*** INFORMATION PROVIDED Section Begins ***
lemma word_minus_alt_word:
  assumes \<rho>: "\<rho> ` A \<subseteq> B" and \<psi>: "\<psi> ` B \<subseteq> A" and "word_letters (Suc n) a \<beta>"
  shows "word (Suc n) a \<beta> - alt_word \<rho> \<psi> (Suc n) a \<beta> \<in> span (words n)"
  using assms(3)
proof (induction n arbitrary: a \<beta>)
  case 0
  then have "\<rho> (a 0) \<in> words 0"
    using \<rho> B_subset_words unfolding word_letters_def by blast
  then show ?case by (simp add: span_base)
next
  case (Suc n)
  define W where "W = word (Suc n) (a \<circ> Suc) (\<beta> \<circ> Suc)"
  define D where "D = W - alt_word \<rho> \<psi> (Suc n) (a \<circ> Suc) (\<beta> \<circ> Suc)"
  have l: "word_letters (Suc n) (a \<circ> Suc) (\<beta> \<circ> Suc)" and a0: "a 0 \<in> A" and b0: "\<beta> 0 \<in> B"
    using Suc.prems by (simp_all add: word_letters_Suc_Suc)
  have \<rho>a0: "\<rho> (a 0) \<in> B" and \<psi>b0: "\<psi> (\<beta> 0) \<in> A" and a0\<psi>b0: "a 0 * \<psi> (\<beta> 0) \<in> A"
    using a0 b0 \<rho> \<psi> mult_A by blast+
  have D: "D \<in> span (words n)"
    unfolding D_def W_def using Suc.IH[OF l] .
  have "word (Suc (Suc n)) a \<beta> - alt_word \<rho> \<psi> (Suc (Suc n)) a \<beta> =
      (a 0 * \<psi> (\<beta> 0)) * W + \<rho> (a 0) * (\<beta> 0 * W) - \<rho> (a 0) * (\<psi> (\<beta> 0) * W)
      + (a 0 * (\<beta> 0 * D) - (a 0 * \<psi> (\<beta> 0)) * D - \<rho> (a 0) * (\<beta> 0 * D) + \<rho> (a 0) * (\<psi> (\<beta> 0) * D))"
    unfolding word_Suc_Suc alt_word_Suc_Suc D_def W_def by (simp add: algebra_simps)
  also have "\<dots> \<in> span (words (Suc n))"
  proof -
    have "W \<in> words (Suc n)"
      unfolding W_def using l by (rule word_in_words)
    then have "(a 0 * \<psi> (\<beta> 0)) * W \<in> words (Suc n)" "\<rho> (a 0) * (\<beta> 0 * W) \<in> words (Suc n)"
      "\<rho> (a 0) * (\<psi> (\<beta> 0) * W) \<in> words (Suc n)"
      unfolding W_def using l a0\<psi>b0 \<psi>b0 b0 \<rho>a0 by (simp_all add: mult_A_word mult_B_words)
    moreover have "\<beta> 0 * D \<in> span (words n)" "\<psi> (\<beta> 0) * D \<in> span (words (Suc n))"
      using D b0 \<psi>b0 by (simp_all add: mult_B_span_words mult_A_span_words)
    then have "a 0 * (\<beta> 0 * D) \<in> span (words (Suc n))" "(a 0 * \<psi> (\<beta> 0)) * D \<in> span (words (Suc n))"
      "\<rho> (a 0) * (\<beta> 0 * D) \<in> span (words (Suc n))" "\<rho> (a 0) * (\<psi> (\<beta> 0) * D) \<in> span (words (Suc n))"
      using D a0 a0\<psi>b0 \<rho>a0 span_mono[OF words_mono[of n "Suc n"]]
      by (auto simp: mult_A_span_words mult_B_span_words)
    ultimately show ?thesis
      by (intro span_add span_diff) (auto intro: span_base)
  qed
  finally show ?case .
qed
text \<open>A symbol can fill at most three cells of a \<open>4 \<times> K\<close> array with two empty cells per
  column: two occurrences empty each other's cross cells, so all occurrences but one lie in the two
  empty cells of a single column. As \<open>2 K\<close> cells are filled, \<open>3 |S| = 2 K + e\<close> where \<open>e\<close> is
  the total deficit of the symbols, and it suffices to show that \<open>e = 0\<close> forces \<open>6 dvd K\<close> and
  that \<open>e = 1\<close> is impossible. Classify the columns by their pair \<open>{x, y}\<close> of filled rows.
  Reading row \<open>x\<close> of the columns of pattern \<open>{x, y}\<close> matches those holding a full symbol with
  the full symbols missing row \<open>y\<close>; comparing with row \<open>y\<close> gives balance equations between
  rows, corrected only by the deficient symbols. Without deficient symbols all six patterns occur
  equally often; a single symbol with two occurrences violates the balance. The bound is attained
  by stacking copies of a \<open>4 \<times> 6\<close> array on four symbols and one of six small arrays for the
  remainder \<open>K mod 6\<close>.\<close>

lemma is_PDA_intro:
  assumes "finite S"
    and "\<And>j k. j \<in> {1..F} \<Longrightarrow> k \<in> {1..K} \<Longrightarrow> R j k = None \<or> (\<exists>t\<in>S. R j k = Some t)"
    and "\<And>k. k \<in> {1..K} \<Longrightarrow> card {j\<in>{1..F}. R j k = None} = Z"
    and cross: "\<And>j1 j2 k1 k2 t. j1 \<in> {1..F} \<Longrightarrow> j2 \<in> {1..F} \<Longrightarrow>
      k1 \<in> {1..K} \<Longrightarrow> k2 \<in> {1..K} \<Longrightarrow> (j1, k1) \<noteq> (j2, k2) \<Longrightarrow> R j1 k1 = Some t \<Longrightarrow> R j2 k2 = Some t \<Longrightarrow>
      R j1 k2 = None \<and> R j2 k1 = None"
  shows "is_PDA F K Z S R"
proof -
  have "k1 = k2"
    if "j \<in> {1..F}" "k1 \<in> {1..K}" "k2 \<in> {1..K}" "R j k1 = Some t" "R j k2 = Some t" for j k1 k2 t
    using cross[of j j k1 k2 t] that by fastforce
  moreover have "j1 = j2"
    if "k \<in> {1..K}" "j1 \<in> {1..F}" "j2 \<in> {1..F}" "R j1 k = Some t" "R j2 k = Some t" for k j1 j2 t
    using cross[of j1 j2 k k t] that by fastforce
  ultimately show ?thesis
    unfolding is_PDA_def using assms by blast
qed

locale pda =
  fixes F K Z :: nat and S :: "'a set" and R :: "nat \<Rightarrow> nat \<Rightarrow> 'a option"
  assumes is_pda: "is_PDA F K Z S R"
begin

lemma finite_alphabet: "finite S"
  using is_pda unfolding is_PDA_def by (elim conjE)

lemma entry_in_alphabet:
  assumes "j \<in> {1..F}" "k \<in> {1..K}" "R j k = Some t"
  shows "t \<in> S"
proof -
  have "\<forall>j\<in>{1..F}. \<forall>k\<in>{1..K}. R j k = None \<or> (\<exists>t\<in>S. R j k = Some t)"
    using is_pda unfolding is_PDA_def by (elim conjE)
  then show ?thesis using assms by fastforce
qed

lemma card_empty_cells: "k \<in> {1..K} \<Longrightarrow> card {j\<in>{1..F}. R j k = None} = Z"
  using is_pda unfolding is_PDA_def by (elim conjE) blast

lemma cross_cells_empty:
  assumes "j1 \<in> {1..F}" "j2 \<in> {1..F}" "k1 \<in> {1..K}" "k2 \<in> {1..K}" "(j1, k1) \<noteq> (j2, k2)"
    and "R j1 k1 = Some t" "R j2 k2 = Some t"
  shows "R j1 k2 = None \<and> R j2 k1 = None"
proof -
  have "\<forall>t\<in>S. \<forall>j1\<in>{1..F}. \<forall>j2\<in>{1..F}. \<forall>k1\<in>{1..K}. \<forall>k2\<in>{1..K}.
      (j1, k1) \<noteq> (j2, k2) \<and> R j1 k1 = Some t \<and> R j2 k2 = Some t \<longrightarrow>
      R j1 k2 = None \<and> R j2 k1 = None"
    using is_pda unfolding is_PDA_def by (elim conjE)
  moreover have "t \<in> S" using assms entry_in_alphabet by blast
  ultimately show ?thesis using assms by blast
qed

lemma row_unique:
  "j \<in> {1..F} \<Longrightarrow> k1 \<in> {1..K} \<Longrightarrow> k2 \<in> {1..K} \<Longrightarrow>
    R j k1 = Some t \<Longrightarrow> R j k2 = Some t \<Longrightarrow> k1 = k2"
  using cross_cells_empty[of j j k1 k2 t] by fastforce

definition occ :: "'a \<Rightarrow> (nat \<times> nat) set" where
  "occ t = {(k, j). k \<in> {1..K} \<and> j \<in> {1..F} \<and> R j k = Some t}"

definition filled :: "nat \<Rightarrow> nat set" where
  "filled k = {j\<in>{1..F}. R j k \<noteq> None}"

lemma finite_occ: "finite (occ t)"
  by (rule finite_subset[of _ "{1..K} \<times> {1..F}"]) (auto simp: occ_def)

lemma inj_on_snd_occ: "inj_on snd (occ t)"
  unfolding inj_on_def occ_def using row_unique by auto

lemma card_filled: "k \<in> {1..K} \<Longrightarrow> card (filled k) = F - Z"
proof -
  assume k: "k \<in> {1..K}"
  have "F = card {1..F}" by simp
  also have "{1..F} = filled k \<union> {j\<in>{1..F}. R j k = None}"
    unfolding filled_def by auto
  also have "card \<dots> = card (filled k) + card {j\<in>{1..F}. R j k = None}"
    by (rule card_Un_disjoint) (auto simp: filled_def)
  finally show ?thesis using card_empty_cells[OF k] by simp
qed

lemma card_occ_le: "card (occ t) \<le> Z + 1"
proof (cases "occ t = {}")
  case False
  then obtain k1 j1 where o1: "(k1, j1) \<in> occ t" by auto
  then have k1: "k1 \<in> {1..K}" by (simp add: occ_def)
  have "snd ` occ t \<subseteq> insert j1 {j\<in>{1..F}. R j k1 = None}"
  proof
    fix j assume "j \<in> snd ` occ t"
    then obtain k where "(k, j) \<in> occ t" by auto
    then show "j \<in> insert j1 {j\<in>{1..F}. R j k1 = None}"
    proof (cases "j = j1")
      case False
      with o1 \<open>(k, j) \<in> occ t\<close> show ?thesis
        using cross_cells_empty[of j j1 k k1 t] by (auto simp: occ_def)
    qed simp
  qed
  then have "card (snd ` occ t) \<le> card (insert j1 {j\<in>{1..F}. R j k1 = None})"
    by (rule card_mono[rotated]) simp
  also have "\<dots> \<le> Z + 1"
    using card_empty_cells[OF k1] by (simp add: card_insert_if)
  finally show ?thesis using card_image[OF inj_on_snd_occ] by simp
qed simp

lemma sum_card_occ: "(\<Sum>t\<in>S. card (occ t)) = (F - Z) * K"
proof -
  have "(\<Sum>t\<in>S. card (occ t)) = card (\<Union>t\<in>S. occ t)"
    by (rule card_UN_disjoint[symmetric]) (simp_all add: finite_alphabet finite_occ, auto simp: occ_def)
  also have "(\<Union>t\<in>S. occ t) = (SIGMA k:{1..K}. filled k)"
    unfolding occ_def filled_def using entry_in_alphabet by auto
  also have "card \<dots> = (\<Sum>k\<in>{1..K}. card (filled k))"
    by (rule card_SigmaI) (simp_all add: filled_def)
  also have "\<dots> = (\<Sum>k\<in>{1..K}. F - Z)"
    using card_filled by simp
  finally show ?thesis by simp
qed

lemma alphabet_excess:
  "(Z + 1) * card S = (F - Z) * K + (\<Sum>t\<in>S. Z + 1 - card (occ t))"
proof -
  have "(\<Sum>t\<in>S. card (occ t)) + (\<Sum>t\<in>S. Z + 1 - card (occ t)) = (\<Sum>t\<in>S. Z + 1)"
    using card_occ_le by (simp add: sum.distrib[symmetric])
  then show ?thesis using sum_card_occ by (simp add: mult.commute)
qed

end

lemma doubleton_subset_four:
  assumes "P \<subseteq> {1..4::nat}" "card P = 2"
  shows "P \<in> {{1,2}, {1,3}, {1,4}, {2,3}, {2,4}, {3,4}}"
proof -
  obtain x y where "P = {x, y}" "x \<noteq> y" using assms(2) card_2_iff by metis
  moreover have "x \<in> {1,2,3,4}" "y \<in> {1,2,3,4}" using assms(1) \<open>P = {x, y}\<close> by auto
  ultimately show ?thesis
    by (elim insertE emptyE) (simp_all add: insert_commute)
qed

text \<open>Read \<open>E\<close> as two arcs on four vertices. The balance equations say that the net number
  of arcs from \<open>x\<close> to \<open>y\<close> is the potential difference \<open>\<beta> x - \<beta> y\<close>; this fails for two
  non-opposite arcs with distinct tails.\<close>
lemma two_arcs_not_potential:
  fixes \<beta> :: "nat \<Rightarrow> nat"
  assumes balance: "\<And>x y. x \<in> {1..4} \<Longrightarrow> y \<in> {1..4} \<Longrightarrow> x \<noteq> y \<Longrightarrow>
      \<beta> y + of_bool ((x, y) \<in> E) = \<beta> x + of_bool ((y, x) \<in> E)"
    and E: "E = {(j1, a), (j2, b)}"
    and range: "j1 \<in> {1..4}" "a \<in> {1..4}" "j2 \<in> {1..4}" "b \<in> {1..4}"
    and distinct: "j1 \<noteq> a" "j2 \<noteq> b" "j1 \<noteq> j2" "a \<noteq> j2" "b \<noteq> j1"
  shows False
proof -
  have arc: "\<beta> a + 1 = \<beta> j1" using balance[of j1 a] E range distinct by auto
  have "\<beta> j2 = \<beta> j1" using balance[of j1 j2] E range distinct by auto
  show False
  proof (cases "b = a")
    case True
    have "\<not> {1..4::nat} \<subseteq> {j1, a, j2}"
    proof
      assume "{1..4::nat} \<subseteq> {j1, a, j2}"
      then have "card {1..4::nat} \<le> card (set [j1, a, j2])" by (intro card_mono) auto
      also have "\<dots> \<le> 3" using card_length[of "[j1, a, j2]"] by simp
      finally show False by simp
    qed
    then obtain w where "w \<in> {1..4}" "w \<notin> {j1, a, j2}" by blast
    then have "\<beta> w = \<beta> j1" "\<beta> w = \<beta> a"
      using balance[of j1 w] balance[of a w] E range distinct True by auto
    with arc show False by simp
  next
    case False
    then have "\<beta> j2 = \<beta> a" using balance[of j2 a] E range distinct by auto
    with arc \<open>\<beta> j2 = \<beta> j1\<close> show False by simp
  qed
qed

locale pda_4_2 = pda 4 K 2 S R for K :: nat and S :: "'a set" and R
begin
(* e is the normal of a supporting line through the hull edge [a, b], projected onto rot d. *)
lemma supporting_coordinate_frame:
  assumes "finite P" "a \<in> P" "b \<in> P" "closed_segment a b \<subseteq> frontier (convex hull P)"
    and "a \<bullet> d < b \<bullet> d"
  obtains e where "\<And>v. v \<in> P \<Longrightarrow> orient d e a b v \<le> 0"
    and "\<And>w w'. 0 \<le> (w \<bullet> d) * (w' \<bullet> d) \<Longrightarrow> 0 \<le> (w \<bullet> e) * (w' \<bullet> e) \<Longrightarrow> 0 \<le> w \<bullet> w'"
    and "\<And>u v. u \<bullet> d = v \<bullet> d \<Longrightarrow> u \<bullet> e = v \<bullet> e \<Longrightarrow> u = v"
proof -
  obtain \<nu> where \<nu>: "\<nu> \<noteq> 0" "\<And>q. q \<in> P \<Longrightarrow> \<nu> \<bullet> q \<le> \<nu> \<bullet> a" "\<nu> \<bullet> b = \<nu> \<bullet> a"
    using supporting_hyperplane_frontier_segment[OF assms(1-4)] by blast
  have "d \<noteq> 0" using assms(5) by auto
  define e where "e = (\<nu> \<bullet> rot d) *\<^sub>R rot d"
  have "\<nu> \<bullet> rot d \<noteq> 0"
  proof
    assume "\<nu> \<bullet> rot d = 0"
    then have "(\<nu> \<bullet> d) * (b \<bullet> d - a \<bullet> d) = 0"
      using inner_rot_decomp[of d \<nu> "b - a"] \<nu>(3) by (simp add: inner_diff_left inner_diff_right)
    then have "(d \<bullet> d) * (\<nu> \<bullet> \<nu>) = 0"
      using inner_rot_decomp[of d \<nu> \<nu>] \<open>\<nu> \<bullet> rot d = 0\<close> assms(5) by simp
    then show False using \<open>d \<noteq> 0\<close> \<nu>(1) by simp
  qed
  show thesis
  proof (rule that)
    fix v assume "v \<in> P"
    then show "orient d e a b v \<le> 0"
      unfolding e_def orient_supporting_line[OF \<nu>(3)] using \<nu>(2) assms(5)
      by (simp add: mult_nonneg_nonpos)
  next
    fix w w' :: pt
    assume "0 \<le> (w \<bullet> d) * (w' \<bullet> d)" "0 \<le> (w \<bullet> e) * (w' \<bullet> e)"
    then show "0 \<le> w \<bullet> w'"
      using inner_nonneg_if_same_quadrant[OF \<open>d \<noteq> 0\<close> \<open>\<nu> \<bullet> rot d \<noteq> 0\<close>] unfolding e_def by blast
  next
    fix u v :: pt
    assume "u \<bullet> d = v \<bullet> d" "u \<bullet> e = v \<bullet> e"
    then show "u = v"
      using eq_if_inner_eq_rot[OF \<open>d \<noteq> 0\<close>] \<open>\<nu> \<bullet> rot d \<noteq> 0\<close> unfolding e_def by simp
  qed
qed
*** INFORMATION PROVIDED Section Ends ***
Reproduce every line of the material above that has the string "finally".

> OUTPUT OF THE TASK
  finally show ?case .
  finally show ?thesis using card_empty_cells[OF k] by simp
  finally show ?thesis using card_image[OF inj_on_snd_occ] by simp
  finally show ?thesis by simp
      finally show False by simp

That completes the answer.